Phil Harding was always my favorite. I could imagine myself after a hard day of “digging” sitting down at the pub with Phil and having a pint or two.
As a kid, I used to love digging in the dirt and once found an Indian arrowhead and some old coins and a gold and garnet necklace, probably late 19th or early 20th century that was probably worth a lot of $ but that sadly I lost as I used to wear it all the time and the chain broke. :(
My husband and I bought a nearly 100-year-old house in N. Baltimore in the late 80’s that was next door to a stone house built in around 1820. As I was cleaning up my overgrown and long neglected yard, I found the remnants of a smoke house and chimney, animal bones and a trove of old glass bottles going back to the mid-19th century, and some rusty tools. I was in heaven.
And I liked Mick but also how Tony used to argue with him.
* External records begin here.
(* Let $q=p^r$ be a prime power, $k=\mathbb{F}_{q^2}$, $n\ge 2$ and $V=k^{2n}$. Let $$G_n=\Big\{\begin{pmatrix} I & O\\ B & I\end{pmatrix}:\ B\in M_n(\mathbb{F}_{q^2}),\ \overline{B}=-B^T\Big\},$$ where $I,O$ are the $n\times n$ identity and zero matrices and $\overline{B}_{ij}=B_{ij}^q$. Then the action of $G_n$ on $V$ is not coregular and does not have the direct summand property.
   Context: $k[V]$ is the coordinate ring (symmetric algebra on $V^*$), graded, with $G$ acting by graded algebra automorphisms. The action of a finite group $G\le\mathrm{GL}(V)$ is coregular if $k[V]^G$ is generated by $\dim V$ algebraically independent homogeneous invariants; it has the direct summand property if there is a surjective graded $k[V]^G$-linear map $k[V]\to k[V]^G$. *)

theory Defs
  imports "HOL-Library.Poly_Mapping" "HOL-Computational_Algebra.Primes"
begin

text \<open>The variable x_i
  (i < N) is the i-th coordinate function on V = k^N.\<close>

type_synonym 'k mpoly = "(nat \<Rightarrow>\<^sub>0 nat) \<Rightarrow>\<^sub>0 'k"

definition mvar :: "nat \<Rightarrow> 'k::comm_ring_1 mpoly" where
  "mvar i = Poly_Mapping.single (Poly_Mapping.single i 1) 1"

definition mconst :: "'k::comm_ring_1 \<Rightarrow> 'k mpoly" where
  "mconst c = Poly_Mapping.single 0 c"

definition msubst :: "(nat \<Rightarrow> 'k::comm_ring_1 mpoly) \<Rightarrow> 'k mpoly \<Rightarrow> 'k mpoly" where
  "msubst \<sigma> f = (\<Sum>m\<in>Poly_Mapping.keys f. mconst (Poly_Mapping.lookup f m) *
                      (\<Prod>i\<in>Poly_Mapping.keys m. \<sigma> i ^ Poly_Mapping.lookup m i))"

definition polys_in :: "nat \<Rightarrow> 'k::comm_ring_1 mpoly set" where
  "polys_in N = {f. \<forall>m\<in>Poly_Mapping.keys f. Poly_Mapping.keys m \<subseteq> {..<N}}"

definition homogeneous :: "nat \<Rightarrow> 'k::comm_ring_1 mpoly \<Rightarrow> bool" where
  "homogeneous d f \<longleftrightarrow> (\<forall>m\<in>Poly_Mapping.keys f. (\<Sum>i\<in>Poly_Mapping.keys m. Poly_Mapping.lookup m i) = d)"

text \<open>Action of an N x N matrix g (entries g i j, i,j < N) on k[V]:
  f \<mapsto> f \<circ> g, i.e. x_i \<mapsto> sum_j g_ij x_j.\<close>
definition mat_act :: "nat \<Rightarrow> (nat \<Rightarrow> nat \<Rightarrow> 'k::comm_ring_1) \<Rightarrow> 'k mpoly \<Rightarrow> 'k mpoly" where
  "mat_act N g f = msubst (\<lambda>i. \<Sum>j<N. mconst (g i j) * mvar j) f"

definition invariants :: "nat \<Rightarrow> (nat \<Rightarrow> nat \<Rightarrow> 'k::comm_ring_1) set \<Rightarrow> 'k mpoly set" where
  "invariants N G = {f \<in> polys_in N. \<forall>g\<in>G. mat_act N g f = f}"

definition coregular :: "nat \<Rightarrow> (nat \<Rightarrow> nat \<Rightarrow> 'k::comm_ring_1) set \<Rightarrow> bool" where
  "coregular N G \<longleftrightarrow>
     (\<exists>F :: nat \<Rightarrow> 'k mpoly.
        (\<forall>i<N. F i \<in> invariants N G \<and> (\<exists>d. homogeneous d (F i))) \<and>
        (\<forall>P\<in>polys_in N. msubst F P = 0 \<longrightarrow> P = 0) \<and>
        (\<forall>f\<in>invariants N G. \<exists>P\<in>polys_in N. f = msubst F P))"

definition direct_summand_property :: "nat \<Rightarrow> (nat \<Rightarrow> nat \<Rightarrow> 'k::comm_ring_1) set \<Rightarrow> bool" where
  "direct_summand_property N G \<longleftrightarrow>
     (\<exists>\<pi> :: 'k mpoly \<Rightarrow> 'k mpoly.
        (\<forall>f\<in>polys_in N. \<pi> f \<in> invariants N G) \<and>
        (\<forall>h\<in>invariants N G. \<exists>f\<in>polys_in N. \<pi> f = h) \<and>
        (\<forall>a\<in>invariants N G. \<forall>b\<in>invariants N G. \<forall>f\<in>polys_in N. \<forall>g\<in>polys_in N.
            \<pi> (a * f + b * g) = a * \<pi> f + b * \<pi> g) \<and>
        (\<forall>d. \<forall>f\<in>polys_in N. homogeneous d f \<longrightarrow> homogeneous d (\<pi> f)))"

definition Gn :: "nat \<Rightarrow> nat \<Rightarrow> (nat \<Rightarrow> nat \<Rightarrow> 'k::comm_ring_1) set" where
  "Gn q n = {M. \<exists>B :: nat \<Rightarrow> nat \<Rightarrow> 'k.
       (\<forall>i<n. \<forall>j<n. B i j ^ q = - B j i) \<and>
       M = (\<lambda>i j. if i = j then 1
                  else if n \<le> i \<and> i < 2 * n \<and> j < n then B (i - n) j else 0)}"

end

theory Submission
  imports Defs "HOL-Computational_Algebra.Polynomial" "HOL-Library.FuncSet"
begin

text \<open>
  Write \<open>x\<^sub>j = mvar j\<close>, \<open>y\<^sub>a = mvar (n + a)\<close>; the element of \<open>G\<^sub>n\<close> given by \<open>B\<close> fixes the \<open>x\<^sub>j\<close> and sends
  \<open>y\<^sub>a\<close> to \<open>y\<^sub>a + \<Sum>\<^sub>j B\<^sub>a\<^sub>j x\<^sub>j\<close>.  Key computation (invariant_no_pure_y_power): for \<open>0 < d < q\<^sup>2\<close> no
  homogeneous invariant of degree \<open>d\<close> contains \<open>y\<^sub>a\<^sup>d\<close>, because its part in \<open>x\<^sub>b, y\<^sub>a\<close> is invariant under
  all shears \<open>y\<^sub>a \<mapsto> y\<^sub>a + t x\<^sub>b\<close>.  Hence the linear invariants are the linear forms in the \<open>x\<^sub>j\<close>, and
  the invariant \<open>h = \<Sum>\<^sub>j x\<^sub>j\<^sup>q y\<^sub>j + x\<^sub>j y\<^sub>j\<^sup>q\<close> is not \<open>\<Sum>\<^sub>j x\<^sub>j c\<^sub>j\<close> with invariant \<open>c\<^sub>j\<close>.
  A graded retraction \<open>k[V] \<rightarrow> k[V]\<^sup>G\<close> would force exactly such a representation, so the direct
  summand property fails.  For coregularity, free generators of degree one are linear forms in
  the \<open>x\<^sub>j\<close> spanning them, so at most \<open>n\<close> generators are non-linear.  Writing the orbit norms
  \<open>N\<^sub>a = \<Prod>\<^sub>w (y\<^sub>a + w)\<close> and \<open>h\<close> through the generators and discarding the linear ones gives \<open>n + 1\<close>
  polynomials in \<open>\<le> n\<close> variables: dependent by counting over the finite field, but independent
  because setting \<open>x = 0\<close> maps them to \<open>y\<^sub>0\<^sup>M\<^sup>0, \<dots>, y\<^sub>n\<^sub>-\<^sub>1\<^sup>M\<^sup>n\<^sup>-\<^sup>1, 0\<close> with the last one non-zero.
\<close>

alias lookup = Poly_Mapping.lookup
alias keys = Poly_Mapping.keys
alias single = Poly_Mapping.single

section \<open>Substitution homomorphisms\<close>

definition mon :: "(nat \<Rightarrow> 'k::comm_ring_1 mpoly) \<Rightarrow> (nat \<Rightarrow>\<^sub>0 nat) \<Rightarrow> 'k mpoly" where
  "mon \<sigma> m = (\<Prod>i\<in>keys m. \<sigma> i ^ lookup m i)"

lemma msubst_mon: "msubst \<sigma> f = (\<Sum>m\<in>keys f. mconst (lookup f m) * mon \<sigma> m)"
  by (simp add: msubst_def mon_def)

lemma mconst_add: "mconst (a + b) = mconst a + mconst b"
  by (simp add: mconst_def single_add)
lemma mconst_mult: "mconst (a * b) = mconst a * mconst b"
  by (simp add: mconst_def mult_single)
lemma mconst_0[simp]: "mconst 0 = 0"
  by (simp add: mconst_def)
lemma mconst_1[simp]: "mconst 1 = 1"
  by (simp add: mconst_def)
lemma mconst_uminus: "mconst (- a) = - mconst a"
  by (simp add: mconst_def single_uminus)
lemma mconst_power: "mconst (a ^ k) = mconst a ^ k"
  by (induction k) (simp_all add: mconst_mult)
lemma mconst_sum: "mconst (sum f A) = (\<Sum>x\<in>A. mconst (f x))"
  by (induction A rule: infinite_finite_induct) (simp_all add: mconst_add)
lemma mconst_prod: "mconst (prod f A) = (\<Prod>x\<in>A. mconst (f x))"
  by (induction A rule: infinite_finite_induct) (simp_all add: mconst_mult)
lemma mconst_eq_iff[simp]: "mconst a = mconst b \<longleftrightarrow> a = b"
  unfolding mconst_def by (metis lookup_single_eq)
lemma lookup_mconst: "lookup (mconst c) m = (if m = 0 then c else 0)"
  by (simp add: mconst_def lookup_single)
lemma of_nat_mpoly: "(of_nat n :: 'k::comm_ring_1 mpoly) = mconst (of_nat n)"
  by (simp add: mconst_def)
lemma mconst_mult_single: "mconst c * single m a = single m (c * a)"
  by (simp add: mconst_def mult_single)

lemma poly_expand: "f = (\<Sum>m\<in>keys f. single m (lookup f m))"
proof (rule poly_mapping_eqI)
  fix k
  have "lookup (\<Sum>m\<in>keys f. single m (lookup f m)) k = (\<Sum>m\<in>keys f. if m = k then lookup f m else 0)"
    by (simp add: lookup_sum lookup_single when_def eq_commute)
  then show "lookup f k = lookup (\<Sum>m\<in>keys f. single m (lookup f m)) k"
    by (simp add: sum.delta in_keys_iff)
qed


lemma msubst_superset:
  assumes "finite S" "keys f \<subseteq> S"
  shows "msubst \<sigma> f = (\<Sum>m\<in>S. mconst (lookup f m) * mon \<sigma> m)"
  unfolding msubst_mon by (rule sum.mono_neutral_left) (use assms in \<open>auto simp: in_keys_iff\<close>)

lemma mon_superset:
  assumes "finite S" "keys m \<subseteq> S"
  shows "mon \<sigma> m = (\<Prod>i\<in>S. \<sigma> i ^ lookup m i)"
  unfolding mon_def by (rule prod.mono_neutral_left) (use assms in \<open>auto simp: in_keys_iff\<close>)

lemma mon_add: "mon \<sigma> (a + b) = mon \<sigma> a * mon \<sigma> b"
proof -
  let ?S = "keys a \<union> keys b"
  have "mon \<sigma> (a + b) = (\<Prod>i\<in>?S. \<sigma> i ^ lookup (a + b) i)"
    by (rule mon_superset) (use keys_add[of a b] in auto)
  also have "\<dots> = (\<Prod>i\<in>?S. \<sigma> i ^ lookup a i) * (\<Prod>i\<in>?S. \<sigma> i ^ lookup b i)"
    by (simp add: lookup_add power_add prod.distrib)
  finally show ?thesis by (simp add: mon_superset[symmetric])
qed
I didn’t like Francis Pryor at all as he used to be more wrong than right and was always attributing everything to a ritual site.
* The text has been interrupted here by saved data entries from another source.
(* Let $K$ be a field of characteristic $p>0$, and let $\sigma,\tau$ be $K$-algebra automorphisms of the ring $\mathcal{D}(P_n)$ of differential operators on $P_n=K[x_1,\ldots,x_n]$. Then $\sigma=\tau$ if and only if $\sigma(x_i)=\tau(x_i)$ for all $i=1,\ldots,n$.
   Context: For $i=1,\ldots,n$ and $k\in\mathbb{N}$, $\partial_i^{[k]}=\partial_i^k/k!$ denotes the $K$-linear map of $P_n$ given by $\partial_i^{[k]}(x^m)=\binom{m_i}{k}x^{m-ke_i}$ (zero if $m_i<k$), where $x^m=x_1^{m_1}\cdots x_n^{m_n}$ and $e_1,\ldots,e_n$ is the standard basis of $\mathbb{Z}^n$. The ring $\mathcal{D}(P_n)$ is the subalgebra of $\mathrm{End}_K(P_n)$ generated by $P_n$ (acting by multiplication) and all $\partial_i^{[k]}$; one has $\mathcal{D}(P_n)=\bigoplus_{\alpha\in\mathbb{N}^n}P_n\partial^{[\alpha]}$ with $\partial^{[\alpha]}=\prod_i\partial_i^{[\alpha_i]}$. $\mathrm{Aut}_K(\mathcal{D}(P_n))$ is the group of $K$-algebra automorphisms. *)

theory Defs
  imports Main "HOL-Library.Poly_Mapping"
begin

text \<open>The polynomial ring P_n = K[x_i | i :: 'n] in CARD('n) variables (the variables are
  indexed by a finite type 'n, so n = CARD('n) >= 1 is arbitrary but fixed).
  A monomial x^m is an exponent vector m :: 'n =>0 nat; a polynomial is a finitely
  supported map from monomials to coefficients in K.\<close>

type_synonym ('n, 'a) mpoly = "('n \<Rightarrow>\<^sub>0 nat) \<Rightarrow>\<^sub>0 'a"

definition var :: "'n \<Rightarrow> ('n, 'a::comm_ring_1) mpoly" where
  "var i = Poly_Mapping.single (Poly_Mapping.single i 1) 1"

definition const :: "'a::comm_ring_1 \<Rightarrow> ('n, 'a) mpoly" where
  "const c = Poly_Mapping.single 0 c"

definition mulop :: "('n, 'a::comm_ring_1) mpoly \<Rightarrow> (('n, 'a) mpoly \<Rightarrow> ('n, 'a) mpoly)" where
  "mulop f = (\<lambda>q. f * q)"

text \<open>Divided-power derivative: dpow i k (x^m) = (m_i choose k) x^(m - k e_i), extended K-linearly
  (the term is zero when m_i < k since then the binomial coefficient vanishes).\<close>
definition dpow :: "'n \<Rightarrow> nat \<Rightarrow> ('n, 'a::comm_ring_1) mpoly \<Rightarrow> ('n, 'a) mpoly" where
  "dpow i k f = (\<Sum>m\<in>Poly_Mapping.keys f.
      Poly_Mapping.single (m - Poly_Mapping.single i k)
        (of_nat (Poly_Mapping.lookup m i choose k) * Poly_Mapping.lookup f m))"

text \<open>The ring D(P_n): the subalgebra of End_K(P_n) generated by the multiplication operators
  and all dpow i k (closed under sums and composition; K-scalars are the multiplication
  operators by constants, the identity is mulop 1).\<close>
inductive_set diffops :: "(('n, 'a::comm_ring_1) mpoly \<Rightarrow> ('n, 'a) mpoly) set" where
  mul: "mulop f \<in> diffops"
| der: "dpow i k \<in> diffops"
| add: "a \<in> diffops \<Longrightarrow> b \<in> diffops \<Longrightarrow> (\<lambda>q. a q + b q) \<in> diffops"
| comp: "a \<in> diffops \<Longrightarrow> b \<in> diffops \<Longrightarrow> a \<circ> b \<in> diffops"

text \<open>K-algebra automorphisms of D(P_n) (only their values on diffops matter).\<close>
definition is_Kalg_aut ::
  "((('n, 'a::comm_ring_1) mpoly \<Rightarrow> ('n, 'a) mpoly) \<Rightarrow> (('n, 'a) mpoly \<Rightarrow> ('n, 'a) mpoly)) \<Rightarrow> bool"
where
  "is_Kalg_aut \<sigma> \<longleftrightarrow>
     bij_betw \<sigma> diffops diffops \<and>
     (\<forall>a\<in>diffops. \<forall>b\<in>diffops. \<sigma> (\<lambda>q. a q + b q) = (\<lambda>q. \<sigma> a q + \<sigma> b q)) \<and>
     (\<forall>a\<in>diffops. \<forall>b\<in>diffops. \<sigma> (a \<circ> b) = \<sigma> a \<circ> \<sigma> b) \<and>
     \<sigma> id = id \<and>
     (\<forall>c. \<forall>a\<in>diffops. \<sigma> (mulop (const c) \<circ> a) = mulop (const c) \<circ> \<sigma> a)"

end

theory Submission
  imports Defs "HOL-Computational_Algebra.Primes"
begin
I also used to feel sorry for John Gater as I think a lot of pressure was put on him to find things that were not there, even as he often said, “these images could be anomalies or natural geologic features” or “pits” or “ditches” or “roads” or…..
I think the re-boot has gotten better over time but skip Time Team America - it was “bloody” awful.
There is an on-going archaeological dig near where I live:
And I looked into volunteering, but I have no experience and now have a bad back and bad knees, so I made a donation instead and went to the site last year as an observer which to most people would have been boring, but that I found interesting.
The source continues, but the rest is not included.